Edit: It would be interesting to devise a way in which you can make two Ms
talk to each other (or have M talk to Siri etc.). Maybe "can you pretend to be
a customer for my XYZ business"

------
mahdiponline
As much as I appreciate the effort, I don't think proving M has humans behind
it is any of help.

We write AIs. We try to make them act just like us. We teat them in everyway
we can imagine and we expect them to act like a human would in response.
Providing an algorithm for this is not always useful or maybw not even
possible.

My theory on this is that Facebook is powering M with both people and some
sort of AI software that not only analyzes and sometimes finds the best
response, but it also analyzes the conversations people on both sides made.

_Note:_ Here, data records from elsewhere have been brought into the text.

lemma substitution_triangular:
  fixes a b c d v w :: "'k::field"
  assumes det: "a * d - b * c \<noteq> 0"
    and xxx: "a * c * c + v * (c * a * c) + w * (c * c * a) = 0"
    and yxx: "b * c * c + v * (d * a * c) + w * (d * c * a) = 0"
  shows "c = 0"
proof (rule ccontr)
  assume c: "c \<noteq> 0"
  have "c * c * (a * (1 + v + w)) = 0"
    using xxx by (simp add: algebra_simps)
  then have A: "a * (1 + v + w) = 0"
    using c by simp
  have "c * (b * c + a * d * (v + w)) = 0"
    using yxx by (simp add: algebra_simps)
  then have B: "b * c + a * d * (v + w) = 0"
    using c by simp
  show False
  proof (cases "a = 0")
    case True
    with B c det show False
      by simp
  next
    case False
    with A have "1 + v + w = 0"
      by simp
    have "a * d - b * c = a * d * (1 + v + w) - (b * c + a * d * (v + w))"
      by (simp add: algebra_simps)
    with B \<open>1 + v + w = 0\<close> det show False
      by simp
  qed
qed

lemma cubic_image_in_hullD:
  assumes x': "nc_homogeneous 1 x'" and y': "nc_homogeneous 1 y'"
    and det: "x' [X] * y' [Y] - x' [Y] * y' [X] \<noteq> 0"
    and image: "rel3 v w x' y' \<in> rel_ideal_hull (rel3 v' w' (nc_monom [X]) (nc_monom [Y])) r4"
  shows "y' [X] = 0" and "v = v'" and "w = w'"
proof -
  define a b c d where "a = x' [X]" and "b = x' [Y]" and "c = y' [X]" and "d = y' [Y]"
  obtain l where l: "\<And>u. length u = 3 \<Longrightarrow>
      rel3 v w x' y' u = l * rel3 v' w' (nc_monom [X]) (nc_monom [Y]) u"
    using image by (elim rel_ideal_hullE) blast
  have coeff:
    "x' [p] * y' [q] * y' [r] + v * (y' [p] * x' [q] * y' [r]) + w * (y' [p] * y' [q] * x' [r]) =
      l * (nc_monom [X] [p] * nc_monom [Y] [q] * nc_monom [Y] [r]
        + v' * (nc_monom [Y] [p] * nc_monom [X] [q] * nc_monom [Y] [r])
        + w' * (nc_monom [Y] [p] * nc_monom [Y] [q] * nc_monom [X] [r]))" for p q r
    using l[of "[p, q, r]"]
    by (simp add: rel3_eval[OF x' y'] rel3_eval[OF nc_homogeneous_letter nc_homogeneous_letter])
  have c: "c = 0"
  proof (rule substitution_triangular)
    show "a * d - b * c \<noteq> 0"
      using det by (simp add: a_def b_def c_def d_def)
    show "a * c * c + v * (c * a * c) + w * (c * c * a) = 0"
      using coeff[of X X X] by (simp add: a_def c_def nc_monom_letter_apply)
    show "b * c * c + v * (d * a * c) + w * (d * c * a) = 0"
      using coeff[of Y X X] by (simp add: a_def b_def c_def d_def nc_monom_letter_apply)
  qed
  then have "a \<noteq> 0" and "d \<noteq> 0"
    using det by (auto simp: a_def b_def c_def d_def)
  moreover have "a * d * d = l" and "v * (a * d * d) = l * v'" and "w * (a * d * d) = l * w'"
    using coeff[of X Y Y] coeff[of Y X Y] coeff[of Y Y X] c
    by (simp_all add: a_def b_def c_def d_def nc_monom_letter_apply ac_simps)
  ultimately show "v = v'" and "w = w'"
    by (metis mult.commute mult_cancel_left no_zero_divisors)+
  show "y' [X] = 0"
    using c by (simp add: c_def)
qed

lemma quartic_image_in_hullD:
  assumes x': "nc_homogeneous 1 x'" and y': "nc_homogeneous 1 y'"
    and triangular: "y' [X] = 0" and diagonal: "x' [X] \<noteq> 0" "y' [Y] \<noteq> 0"
    and image: "rel4 s1 s2 s3 x' y' \<in> rel_ideal_hull (rel3 v' w' (nc_monom [X]) (nc_monom [Y]))
      (rel4 s1' s2' s3' (nc_monom [X]) (nc_monom [Y]))"
  shows "s1 = s1'" and "s2 = s2'" and "s3 = s3'"
proof -
  define r3 r4 where "r3 = rel3 v' w' (nc_monom [X]) (nc_monom [Y])"
    and "r4 = rel4 s1' s2' s3' (nc_monom [X]) (nc_monom [Y])"
  obtain \<alpha> \<beta> \<gamma> \<delta> \<epsilon> where e: "\<And>u. length u = 4 \<Longrightarrow> rel4 s1 s2 s3 x' y' u =
      \<alpha> * nc_lmul X r3 u + \<beta> * nc_lmul Y r3 u + \<gamma> * nc_rmul r3 X u + \<delta> * nc_rmul r3 Y u + \<epsilon> * r4 u"
    using image unfolding r3_def r4_def by (elim rel_ideal_hullE) blast
  \<comment> \<open>Every term of r3 has two y's, so on words with a single y only r4 contributes.\<close>
  have coeff: "rel4 s1 s2 s3 x' y' u = \<epsilon> * r4 u"
    if "u \<in> {[X, X, X, Y], [X, X, Y, X], [X, Y, X, X], [Y, X, X, X]}" for u
    using e[of u] that
    by (auto simp: nc_lmul_def nc_rmul_def r3_def nc_monom_letter_apply
        rel3_eval[OF nc_homogeneous_letter nc_homogeneous_letter])
  define D where "D = x' [X] * x' [X] * x' [X] * y' [Y]"
  have "D \<noteq> 0"
    using diagonal by (simp add: D_def)
  moreover have "D = \<epsilon>" and "s1 * D = \<epsilon> * s1'" and "s2 * D = \<epsilon> * s2'" and "s3 * D = \<epsilon> * s3'"
    using coeff[of "[X, X, X, Y]"] coeff[of "[X, X, Y, X]"] coeff[of "[X, Y, X, X]"]
      coeff[of "[Y, X, X, X]"] triangular
    by (simp_all add: D_def r4_def rel4_eval[OF x' y'] nc_monom_letter_apply ac_simps
        rel4_eval[OF nc_homogeneous_letter nc_homogeneous_letter])
  ultimately show "s1 = s1'" and "s2 = s2'" and "s3 = s3'"
    by (metis mult.commute mult_cancel_left)+
qed

lemma family_rels_graded_iso_imp_eq:
  assumes "graded_alg_iso (rel_ideal (family_rels v w s1 s2 s3))
    (rel_ideal (family_rels v' w' s1' s2' s3')) \<phi>"
  shows "family_rels v w s1 s2 s3 = family_rels v' w' s1' s2' s3'"
proof -
  let ?r = "family_rels v w s1 s2 s3" and ?r' = "family_rels v' w' s1' s2' s3'"
  interpret graded_quotient_iso "rel_ideal ?r" "rel_ideal ?r'" \<phi>
    using assms by unfold_locales (rule family_rels_ideal)+
  have no_linear: "f [c] = 0" if "f \<in> rel_ideal ?r" for f c
    using that family_rels_subset_hull by (fastforce elim: rel_ideal_hullE)
  have image_in_hull: "f' \<in> rel_ideal_hull (fst ?r') (snd ?r')"
    if "maps_to f f'" and "f \<in> rel_ideal ?r" for f f'
    using that maps_to_mem_iff family_rels_subset_hull by blast
  have relations: "fst ?r \<in> rel_ideal ?r" "snd ?r \<in> rel_ideal ?r"
    unfolding rel_ideal_def using nc_ideal_gen_generators by blast+
  obtain x' where x': "nc_homogeneous 1 x'" "maps_to (nc_monom [X]) x'"
    by (rule maps_to_letter)
  obtain y' where y': "nc_homogeneous 1 y'" "maps_to (nc_monom [Y]) y'"
    by (rule maps_to_letter)
  have det: "x' [X] * y' [Y] - x' [Y] * y' [X] \<noteq> 0"
    using no_linear x' y' by (rule maps_to_letters_independent)
  have r: "fst ?r = rel3 v w (nc_monom [X]) (nc_monom [Y])"
    "snd ?r = rel4 s1 s2 s3 (nc_monom [X]) (nc_monom [Y])"
    and r': "fst ?r' = rel3 v' w' (nc_monom [X]) (nc_monom [Y])"
    "snd ?r' = rel4 s1' s2' s3' (nc_monom [X]) (nc_monom [Y])"
    by (simp_all add: family_rels_def)
  have "rel3 v w x' y' \<in> rel_ideal_hull (fst ?r') (snd ?r')"
    using image_in_hull maps_to_rel3[OF x'(2) y'(2)] relations(1) unfolding r by blast
  note cubic = cubic_image_in_hullD[OF x'(1) y'(1) det this[unfolded r']]
  have diagonal: "x' [X] \<noteq> 0" "y' [Y] \<noteq> 0"
    using det cubic(1) by auto
  have "rel4 s1 s2 s3 x' y' \<in> rel_ideal_hull (fst ?r') (snd ?r')"
    using image_in_hull maps_to_rel4[OF x'(2) y'(2)] relations(2) unfolding r by blast
  note quartic = quartic_image_in_hullD[OF x'(1) y'(1) cubic(1) diagonal this[unfolded r']]
  show ?thesis
    using cubic(2,3) quartic by simp
qed

theorem proposition7p12:
  fixes r1 r2 :: "'k::field ncpoly \<times> 'k ncpoly"
  assumes "r1 \<in> listed_rels" and "r2 \<in> listed_rels"
  shows "graded_alg_isomorphic (rel_ideal r1) (rel_ideal r2) \<longleftrightarrow> r1 = r2"
proof -
  obtain v w s1 s2 s3 where r1: "r1 = family_rels v w s1 s2 s3"
    using assms(1) by (rule listed_rels_family_rels)
  obtain v' w' s1' s2' s3' where r2: "r2 = family_rels v' w' s1' s2' s3'"
    using assms(2) by (rule listed_rels_family_rels)
  show ?thesis
  proof
    assume "graded_alg_isomorphic (rel_ideal r1) (rel_ideal r2)"
    then obtain \<phi> where "graded_alg_iso (rel_ideal r1) (rel_ideal r2) \<phi>"
      unfolding graded_alg_isomorphic_def ..
    then show "r1 = r2"
      unfolding r1 r2 by (rule family_rels_graded_iso_imp_eq)
  next
    assume "r1 = r2"
    then show "graded_alg_isomorphic (rel_ideal r1) (rel_ideal r2)"
      unfolding graded_alg_isomorphic_def r2 using graded_alg_iso_id[OF family_rels_ideal] by blast
  qed
qed

end
lemma test_vector_in_test_space: "test_vector k \<in> test_space"
proof -
  have "P (test_vector k) - diag_op e f (test_vector k - P (test_vector k)) = 0"
    unfolding P_test_vector by (simp add: test_vector_def diag_op_apply[OF e(1) f(1)])
  moreover have "cinner w (test_vector k) = 0" if "w \<in> kernel_part" for w
  proof -
    have "cinner w (e k) = 0"
      using that cinner_kernel_range[of w "e k"] e(2) by (simp add: kernel_part_def)
    moreover have "cinner w (f k) = 0"
      using that cinner_commute[of w "f k"] by (simp add: kernel_part_def)
    ultimately show ?thesis by (simp add: test_vector_def cinner_add_right cinner_scaleC_right)
  qed
  ultimately show ?thesis unfolding test_space_def by blast
qed

lemma min_modulus_test_space: "min_modulus_on P test_space = 0"
proof -
  define u where "u k = complex_of_real (1 / norm (test_vector k)) *\<^sub>C test_vector k" for k
  have "test_vector k \<noteq> 0" for k
    using one_le_norm_test_vector[of k] by auto
  then have u: "u k \<in> test_space" "norm (u k) = 1" for k
    using csubspace_normalize[OF csubspace_test_space test_vector_in_test_space] unfolding u_def
    by blast+
  have "norm (P (u k)) \<le> (1/2)^k" for k
  proof -
    have "norm (P (u k)) = (1/2)^k / norm (test_vector k)"
      by (simp add: u_def map_scaleC P_test_vector norm_scaleC norm_divide norm_e norm_power)
    also have "\<dots> \<le> (1/2)^k"
      using one_le_norm_test_vector[of k] by (simp add: divide_le_eq)
    finally show ?thesis .
  qed
  then show ?thesis
    by (rule min_modulus_on_eq_0[OF u]) (rule LIMSEQ_realpow_zero, simp_all)
qed

lemma test_space_kernel: "x \<in> test_space \<Longrightarrow> P x = 0 \<Longrightarrow> x = 0"
proof -
  assume x: "x \<in> test_space" "P x = 0"
  then have "diag_op e f x = 0" by (simp add: test_space_def)
  then have "cinner (f n) x = 0" for n
    using cinner_diag_op[OF e(1) f(1), of n x] by simp
  then have "x \<in> kernel_part" using x(2) by (simp add: kernel_part_def)
  then have "cinner x x = 0" using x(1) by (simp add: test_space_def)
  then show "x = 0" by (simp add: cinner_eq_zero_iff)
qed

lemma not_AN_star: "\<not> property_AN_star P"
proof
  assume an: "property_AN_star P"
  have "test_vector 0 \<noteq> 0"
    using one_le_norm_test_vector[of 0] by auto
  then have "test_space \<noteq> {0}"
    using test_vector_in_test_space[of 0] by blast
  then have "property_N_star_on P test_space"
    using an csubspace_test_space closed_test_space by (simp add: property_AN_star_def)
  then obtain x where x: "x \<in> test_space" "norm x = 1" "norm (P x) = 0"
    unfolding property_N_star_on_def min_modulus_test_space by blast
  then have "x = 0" using test_space_kernel[of x] by simp
  with x(2) show False by simp
qed
(* The rational map $\mathbb{P}^2 \dashrightarrow \mathbb{P}^3$, $(r:s:t)\mapsto(w:x:y:z)$ with \begin{align*} w &= t^3-2t^2s-2tsr+ts^2+r^2s-r^3-rs^2,\\ x &= -t^3-2t^2s+ts^2-2tsr+2rs^2-s^3+r^3-2r^2s,\\ y &= 2t^3+3t^2r-2t^2s-2tsr+3tr^2+ts^2+2rs^2-s^3+r^3-2r^2s,\\ z &= -2t^3+t^2s-3t^2r-3tr^2+4tsr-2ts^2-r^3+r^2s-rs^2, \end{align*} defined over $\mathbb{Q}$, is a birational map from $\mathbb{P}^2$ onto the cubic surface $S_1: w^3 + x^3 = y^3 + z^3$. For this parametrization, $w^3+x^3$ factors over $\mathbb{Q}$ as a product of one linear, two quadratic and one quartic polynomial in $r,s,t$.
   Context: No additional context. *)

theory Defs
  imports "HOL-Computational_Algebra.Polynomial_Factorial"
begin

text \<open>Polynomials in several variables over Q are represented as iterated univariate
polynomials.  Q[r,s,t] is rat poly poly poly, where r is the innermost variable and
t the outermost; Q[w,x,y,z] is rat poly poly poly poly, w innermost, z outermost.\<close>

type_synonym qpoly3 = "rat poly poly poly"
type_synonym qpoly4 = "rat poly poly poly poly"

definition coeff3 :: "'c::zero poly poly poly \<Rightarrow> nat \<Rightarrow> nat \<Rightarrow> nat \<Rightarrow> 'c" where
  "coeff3 p i j k = coeff (coeff (coeff p k) j) i"

definition coeff4 :: "'c::zero poly poly poly poly \<Rightarrow> nat \<Rightarrow> nat \<Rightarrow> nat \<Rightarrow> nat \<Rightarrow> 'c" where
  "coeff4 p i j k l = coeff (coeff (coeff (coeff p l) k) j) i"

text \<open>Homogeneous of total degree d (the zero polynomial is homogeneous of every degree).\<close>
definition homog3 :: "'c::zero poly poly poly \<Rightarrow> nat \<Rightarrow> bool" where
  "homog3 p d \<longleftrightarrow> (\<forall>i j k. coeff3 p i j k \<noteq> 0 \<longrightarrow> i + j + k = d)"

definition homog4 :: "'c::zero poly poly poly poly \<Rightarrow> nat \<Rightarrow> bool" where
  "homog4 p d \<longleftrightarrow> (\<forall>i j k l. coeff4 p i j k l \<noteq> 0 \<longrightarrow> i + j + k + l = d)"

definition ev3 :: "('c::zero \<Rightarrow> 'a::comm_semiring_1) \<Rightarrow> 'c poly poly poly \<Rightarrow> 'a \<Rightarrow> 'a \<Rightarrow> 'a \<Rightarrow> 'a" where
  "ev3 \<phi> p r s t =
     poly (map_poly (\<lambda>q. poly (map_poly (\<lambda>u. poly (map_poly \<phi> u) r) q) s) p) t"

definition ev4 :: "('c::zero \<Rightarrow> 'a::comm_semiring_1) \<Rightarrow> 'c poly poly poly poly
                    \<Rightarrow> 'a \<Rightarrow> 'a \<Rightarrow> 'a \<Rightarrow> 'a \<Rightarrow> 'a" where
  "ev4 \<phi> p w x y z =
     poly (map_poly (\<lambda>q. poly (map_poly (\<lambda>u. poly (map_poly (\<lambda>v. poly (map_poly \<phi> v) w) u) x) q) y) p) z"

definition c3 :: "rat \<Rightarrow> qpoly3" where "c3 a = [:[:[:a:]:]:]"
definition c4 :: "rat \<Rightarrow> qpoly4" where "c4 a = [:[:[:[:a:]:]:]:]"

definition R :: qpoly3 where "R = [:[:[:0, 1:]:]:]"
definition S :: qpoly3 where "S = [:[:0, 1:]:]"
definition T :: qpoly3 where "T = [:0, 1:]"

definition Wv :: qpoly4 where "Wv = [:[:[:[:0, 1:]:]:]:]"
definition Xv :: qpoly4 where "Xv = [:[:[:0, 1:]:]:]"
definition Yv :: qpoly4 where "Yv = [:[:0, 1:]:]"
definition Zv :: qpoly4 where "Zv = [:0, 1:]"

text \<open>A rational map P^2 --> P^3 over Q given by forms F0..F3 (homogeneous of a common
degree, not all zero) is birational onto the hypersurface V(Phi) in P^3 if its image lies
in V(Phi) and it has a rational inverse V(Phi) --> P^2, i.e. forms G0,G1,G2 of a common
degree, not all vanishing on V(Phi), with G o F = id on P^2 and F o G = id on V(Phi)
(as rational maps, i.e. up to a common nonzero scalar factor, and on V(Phi) modulo
the ideal (Phi)).\<close>
definition birational_onto_hypersurface ::
  "qpoly3 \<Rightarrow> qpoly3 \<Rightarrow> qpoly3 \<Rightarrow> qpoly3 \<Rightarrow> qpoly4 \<Rightarrow> bool" where
  "birational_onto_hypersurface F0 F1 F2 F3 \<Phi> \<longleftrightarrow>
     (\<exists>d. homog3 F0 d \<and> homog3 F1 d \<and> homog3 F2 d \<and> homog3 F3 d) \<and>
     (F0 \<noteq> 0 \<or> F1 \<noteq> 0 \<or> F2 \<noteq> 0 \<or> F3 \<noteq> 0) \<and>
     ev4 c3 \<Phi> F0 F1 F2 F3 = 0 \<and>
     (\<exists>G0 G1 G2 :: qpoly4.
        (\<exists>e. homog4 G0 e \<and> homog4 G1 e \<and> homog4 G2 e) \<and>
        \<not> (\<Phi> dvd G0 \<and> \<Phi> dvd G1 \<and> \<Phi> dvd G2) \<and>
        (\<exists>h::qpoly3. h \<noteq> 0 \<and>
            ev4 c3 G0 F0 F1 F2 F3 = h * R \<and>
            ev4 c3 G1 F0 F1 F2 F3 = h * S \<and>
            ev4 c3 G2 F0 F1 F2 F3 = h * T) \<and>
        (\<exists>k::qpoly4. \<not> \<Phi> dvd k \<and>
            \<Phi> dvd (ev3 c4 F0 G0 G1 G2 - k * Wv) \<and>
            \<Phi> dvd (ev3 c4 F1 G0 G1 G2 - k * Xv) \<and>
            \<Phi> dvd (ev3 c4 F2 G0 G1 G2 - k * Yv) \<and>
            \<Phi> dvd (ev3 c4 F3 G0 G1 G2 - k * Zv)))"

definition pw :: qpoly3 where
  "pw = T^3 - 2*T^2*S - 2*T*S*R + T*S^2 + R^2*S - R^3 - R*S^2"
definition px :: qpoly3 where
  "px = - (T^3) - 2*T^2*S + T*S^2 - 2*T*S*R + 2*R*S^2 - S^3 + R^3 - 2*R^2*S"
definition py :: qpoly3 where
  "py = 2*T^3 + 3*T^2*R - 2*T^2*S - 2*T*S*R + 3*T*R^2 + T*S^2 + 2*R*S^2 - S^3 + R^3 - 2*R^2*S"
definition pz :: qpoly3 where
  "pz = - (2*T^3) + T^2*S - 3*T^2*R - 3*T*R^2 + 4*T*S*R - 2*T*S^2 - R^3 + R^2*S - R*S^2"

definition S1 :: qpoly4 where
  "S1 = Wv^3 + Xv^3 - Yv^3 - Zv^3"

end

theory Submission
  imports Defs
begin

Now this can be useful on several levels. Facebook can improve it's AI
algorithm in less time, the AI can help people on their job in the meantime
(by analyzing their work and commenting on it)

------
free2rhyme214
This guy is hilarious. If you're reading HN comments you know that AI isn't
quite there yet right? We're easily 5-10 years away from anything you're
looking for.

------
SilasX
>The most noteworthy aspect of this reply is that “Google Maps” wasn’t
capitalized, suggesting that maybe, just maybe, a human typed it out in a
hurry.

Or they're smart enough to add random mistakes. When I started a project for
setting up multiple ways to say the same form letter, I thought of adding a
random-typo feature to make it look like humans were writing it. I'm sure
these guys are at least as cheeky as me...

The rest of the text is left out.